Women's History Month: Nurse practitioner deems babies most admirable

Diane Hieb

Photo by Sue Tone.

Diane Hieb

For 13 years, Diane Hieb worked with Level 3 newborns ­ those babies who are very, very sick. It was quite the adrenaline rush, but she’s happy not to be there now.

“Been there, done that,” Hieb, 60, said. “Here, I work mostly with well newborns. It’s the best job in the world.”

A staff nurse and nurse practitioner for the past 39 years, Hieb works in Cottonwood “covering the house,” an in-patient nurse in the hospital. She’s lived in Prescott almost six years.

In her spare time, she volunteers at marathons, parades, and immunization clinics.

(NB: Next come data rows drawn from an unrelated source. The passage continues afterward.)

(* Fix $\lambda\in[0,1)$ and $p\in[0,1]$, and denote by $\mathbf{v}(\mathbf{v}^0,\cdot)$ the unique solution to the fluid model with initial condition $\mathbf{v}^0\in\overline{\mathcal{V}}^\infty$. If $\mathbf{w}^n\in\overline{\mathcal{V}}^\infty$ for all $n$ and $\|\mathbf{w}^n-\mathbf{v}^0\|_w\to0$ as $n\to\infty$, then for all $t\ge0$, $\lim_{n\to\infty}\|\mathbf{v}(\mathbf{w}^n,t)-\mathbf{v}(\mathbf{v}^0,t)\|_w=0$.
   Context: $\mathcal{S}=\{\mathbf{s}\in[0,1]^{\mathbb{Z}_+}:1=\mathbf{s}_0\ge\mathbf{s}_1\ge\cdots\ge0\}$, $\overline{\mathcal{S}}^\infty=\{\mathbf{s}\in\mathcal{S}:\sum_{i\ge1}\mathbf{s}_i<\infty\}$, $\overline{\mathcal{V}}^\infty=\{\mathbf{v}:\mathbf{v}_i=\sum_{j\ge i}\mathbf{s}_j\ \forall i,\text{ for some }\mathbf{s}\in\overline{\mathcal{S}}^\infty\}$; $\|\mathbf{x}\|_w^2=\sum_{i\ge0}2^{-i}\mathbf{x}_i^2$. $g_i(\mathbf{v})=p$ if $\mathbf{v}_i>0$, $=\min\{\lambda\mathbf{v}_{i-1},p\}$ if $\mathbf{v}_i=0<\mathbf{v}_{i-1}$, $=0$ if $\mathbf{v}_i=\mathbf{v}_{i-1}=0$. A solution to the fluid model with initial condition $\mathbf{v}^0$ is $\mathbf{v}:[0,\infty)\to\overline{\mathcal{V}}^\infty$ with (0) all coordinates $L$-Lipschitz for a common $L$; (1) $\mathbf{v}(0)=\mathbf{v}^0$; (2) for all $t$, $\mathbf{v}_0-\mathbf{v}_1=1$ and $1\ge\mathbf{v}_i-\mathbf{v}_{i+1}\ge\mathbf{v}_{i+1}-\mathbf{v}_{i+2}\ge0$, $i\ge0$; (3) for a.e. $t$ and all $i\ge1$, $\dot{\mathbf{v}}_i=\lambda(\mathbf{v}_{i-1}-\mathbf{v}_i)-(1-p)(\mathbf{v}_i-\mathbf{v}_{i+1})-g_i(\mathbf{v})$. It exists and is unique. *)

theory Defs
  imports "HOL-Analysis.Analysis"
begin

definition S_set :: "(nat \<Rightarrow> real) set" where
  "S_set = {s. s 0 = 1 \<and> (\<forall>i. 0 \<le> s i \<and> s i \<le> 1) \<and> (\<forall>i. s (Suc i) \<le> s i)}"

definition S_fin :: "(nat \<Rightarrow> real) set" where
  "S_fin = {s \<in> S_set. summable (\<lambda>i. s (Suc i))}"

definition V_fin :: "(nat \<Rightarrow> real) set" where
  "V_fin = {v. \<exists>s \<in> S_fin. \<forall>i. v i = (\<Sum>j. s (j + i))}"

definition wnorm :: "(nat \<Rightarrow> real) \<Rightarrow> real" where
  "wnorm x = sqrt (\<Sum>i. x i ^ 2 / 2 ^ i)"

definition g_fun :: "real \<Rightarrow> real \<Rightarrow> (nat \<Rightarrow> real) \<Rightarrow> nat \<Rightarrow> real" where
  "g_fun lam p v i =
     (if v i > 0 then p
      else if v (i - 1) > 0 then min (lam * v (i - 1)) p
      else 0)"

definition fluid_solution ::
  "real \<Rightarrow> real \<Rightarrow> (nat \<Rightarrow> real) \<Rightarrow> (real \<Rightarrow> nat \<Rightarrow> real) \<Rightarrow> bool" where
  "fluid_solution lam p v0 v \<longleftrightarrow>
     (\<forall>t \<ge> 0. v t \<in> V_fin) \<and>
     (\<exists>L. \<forall>i. \<forall>s \<ge> 0. \<forall>t \<ge> 0. \<bar>v s i - v t i\<bar> \<le> L * \<bar>s - t\<bar>) \<and>
     v 0 = v0 \<and>
     (\<forall>t \<ge> 0. v t 0 - v t 1 = 1 \<and>
        (\<forall>i. 1 \<ge> v t i - v t (i + 1) \<and>
             v t i - v t (i + 1) \<ge> v t (i + 1) - v t (i + 2) \<and>
             v t (i + 1) - v t (i + 2) \<ge> 0)) \<and>
     (AE t in lborel. t > 0 \<longrightarrow>
        (\<forall>i \<ge> 1. ((\<lambda>s. v s i) has_real_derivative
            (lam * (v t (i - 1) - v t i) - (1 - p) * (v t i - v t (i + 1))
             - g_fun lam p (v t) i)) (at t)))"

end

theory Submission
  imports Defs
begin

(*
  For two fluid solutions a and b consider the truncated weighted energy
    F_N(t) = sum_{i<N} 2^-i (a_{i+1}(t) - b_{i+1}(t))^2.
  Since g is monotone in the coordinate it acts on, its contribution to F_N' is dissipative,
  and after shifting indices against the weights 2^-i the transport terms give
  F_N' <= 6 F_N + O(2^-N) almost everywhere, the error coming from the boundary coordinate N.
  Gronwall and N -> infinity yield ||a(t) - b(t)||_w^2 <= 3 e^(6t) ||a(0) - b(0)||_w^2,
  so the solution at time t depends continuously on the initial condition.
  The coordinates are only Lipschitz, so Gronwall is needed for Lipschitz functions whose
  derivative exists only almost everywhere; it rests on the Lusin N-property of Lipschitz maps.
*)

section \<open>Gronwall's inequality for Lipschitz functions\<close>

lemma lipschitz_on_sum:
  fixes f :: "'i \<Rightarrow> 'a::metric_space \<Rightarrow> 'b::real_normed_vector"
  assumes "finite I" "\<And>i. i \<in> I \<Longrightarrow> (C i)-lipschitz_on U (f i)"
  shows "(\<Sum>i\<in>I. C i)-lipschitz_on U (\<lambda>x. \<Sum>i\<in>I. f i x)"
  using assms by (induction I rule: finite_induct) (auto intro!: lipschitz_intros)

lemma lipschitz_on_mult_real:
  fixes f g :: "'a::metric_space \<Rightarrow> real"
  assumes f: "A-lipschitz_on U f" and g: "B-lipschitz_on U g"
    and "0 \<le> P" "\<And>x. x \<in> U \<Longrightarrow> \<bar>f x\<bar> \<le> P"
    and "0 \<le> Q" "\<And>x. x \<in> U \<Longrightarrow> \<bar>g x\<bar> \<le> Q"
  shows "(A * Q + B * P)-lipschitz_on U (\<lambda>x. f x * g x)"
proof (rule lipschitz_onI)
  fix x y assume x: "x \<in> U" and y: "y \<in> U"
  have "f x * g x - f y * g y = (f x - f y) * g x + f y * (g x - g y)"
    by (simp add: algebra_simps)
  hence "dist (f x * g x) (f y * g y) \<le> dist (f x) (f y) * \<bar>g x\<bar> + \<bar>f y\<bar> * dist (g x) (g y)"
    unfolding dist_real_def by (metis abs_mult abs_triangle_ineq)
  also have "\<dots> \<le> (A * dist x y) * Q + P * (B * dist x y)"
    using assms x y lipschitz_on_nonneg[OF f]
    by (intro add_mono mult_mono lipschitz_onD[OF f] lipschitz_onD[OF g]) auto
  finally show "dist (f x * g x) (f y * g y) \<le> (A * Q + B * P) * dist x y"
    by (simp add: algebra_simps)
qed (use assms lipschitz_on_nonneg[OF f] lipschitz_on_nonneg[OF g] in auto)

lemma lipschitz_on_exp_neg:
  fixes C :: real assumes "0 \<le> C"
  shows "C-lipschitz_on {0..} (\<lambda>t. exp (- C * t))"
proof (rule bounded_derivative_imp_lipschitz)
  fix t :: real assume t: "t \<in> {0..}"
  show "((\<lambda>t. exp (- C * t)) has_derivative (\<lambda>h. h *\<^sub>R (- C * exp (- C * t)))) (at t within {0..})"
    by (auto intro!: derivative_eq_intros simp: algebra_simps)
  have "onorm (\<lambda>h. h *\<^sub>R (- C * exp (- C * t))) = C * exp (- C * t)"
    using assms by (subst onorm_scaleR_left) (auto simp: onorm_id abs_mult)
  also have "\<dots> \<le> C" using t assms by (intro mult_left_le) auto
  finally show "onorm (\<lambda>h. h *\<^sub>R (- C * exp (- C * t))) \<le> C" .
qed (use assms in auto)

lemma lipschitz_increase_imp_right_increasing_point:
  fixes G :: "real \<Rightarrow> real"
  assumes "a \<le> b" and lip: "M-lipschitz_on {a..b} G" and N: "negligible N" and Gab: "G a < G b"
  obtains t where "t \<in> {a<..<b}" "t \<notin> N" "\<And>d. 0 < d \<Longrightarrow> \<exists>h. 0 < h \<and> h < d \<and> G t < G (t + h)"
proof -
  have cont: "continuous_on {a..b} G" using lip by (rule lipschitz_on_continuous_on)
  define N' where "N' = (N \<union> {a, b}) \<inter> {a..b}"
  have "negligible (G ` N')"
  proof (rule negligible_locally_Lipschitz_image)
    show "negligible N'" unfolding N'_def by (rule negligible_Int) (use N in auto)
    fix s assume s: "s \<in> N'"
    show "\<exists>T B. open T \<and> s \<in> T \<and> (\<forall>r\<in>N' \<inter> T. norm (G r - G s) \<le> B * norm (r - s))"
    proof (intro exI[of _ UNIV] exI[of _ M] conjI ballI)
      fix r assume "r \<in> N' \<inter> UNIV"
      with s have "r \<in> {a..b}" "s \<in> {a..b}" by (auto simp: N'_def)
      then show "norm (G r - G s) \<le> M * norm (r - s)"
        using lipschitz_onD[OF lip] by (simp add: dist_real_def)
    qed auto
  qed simp
  moreover have "\<not> negligible {G a<..<G b}" using negligible_interval(2)[of "G a" "G b"] Gab by simp
  ultimately obtain y where y: "y \<in> {G a<..<G b}" "y \<notin> G ` N'"
    by (metis negligible_subset subsetI)
  \<comment> \<open>the last time at which G is below the level y, which G only crosses outside N\<close>
  define S where "S = {a..b} \<inter> G -` {..y}"
  define t where "t = Sup S"
  have "a \<in> S" using y \<open>a \<le> b\<close> by (simp add: S_def)
  moreover have "closed S" unfolding S_def using continuous_closed_preimage[OF cont] by simp
  ultimately have "t \<in> S" unfolding t_def by (intro closed_contains_Sup) (auto simp: S_def)
  hence t: "a \<le> t" "t \<le> b" "G t \<le> y" by (auto simp: S_def)
  have above: "G r > y" if "t < r" "r \<le> b" for r
    using cSup_upper[of r S] that t by (force simp: S_def t_def)
  have "t < b" using t y by (cases "t = b") auto
  with t have "G t = y"
    using IVT'[of G t y b] continuous_on_subset[OF cont, of "{t..b}"] y above
    by (fastforce simp: less_eq_real_def)
  hence "t \<noteq> a" "t \<notin> N" using y t by (auto simp: N'_def)
  show thesis
  proof (rule that)
    show "t \<in> {a<..<b}" using t \<open>t \<noteq> a\<close> \<open>t < b\<close> by simp
    show "t \<notin> N" by fact
    fix d :: real assume "0 < d"
    define h where "h = min (d / 2) ((b - t) / 2)"
    have "0 < h" "h < d" "t + h \<le> b" using \<open>0 < d\<close> \<open>t < b\<close> by (auto simp: h_def min_def field_simps)
    then show "\<exists>h. 0 < h \<and> h < d \<and> G t < G (t + h)"
      using above[of "t + h"] \<open>G t = y\<close> by auto
  qed
qed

She said nurse practitioners will be handling more and more medical work in the future.

“People can’t afford medical care, or doctors are just not available,” Hieb said.

She comes from what she calls “humble beginnings.” After her 10th-grade biology class, she knew she would work in the medical field.

“I was hooked — all those cells, tissues, organs,” she said, with enthusiasm.

As a high school sophomore, she lied about her age in order to work the 3-10 p.m. shift in a nursing home. She was the first in her family to attend college. After graduation, she found an open position in the nursery.

“There’s nothing more admirable than a baby. You have to admire what they go through during birth. They’re tough little buggers, their needs are simple, they don’t complain,” she said. “I’m still finding it enjoyable.”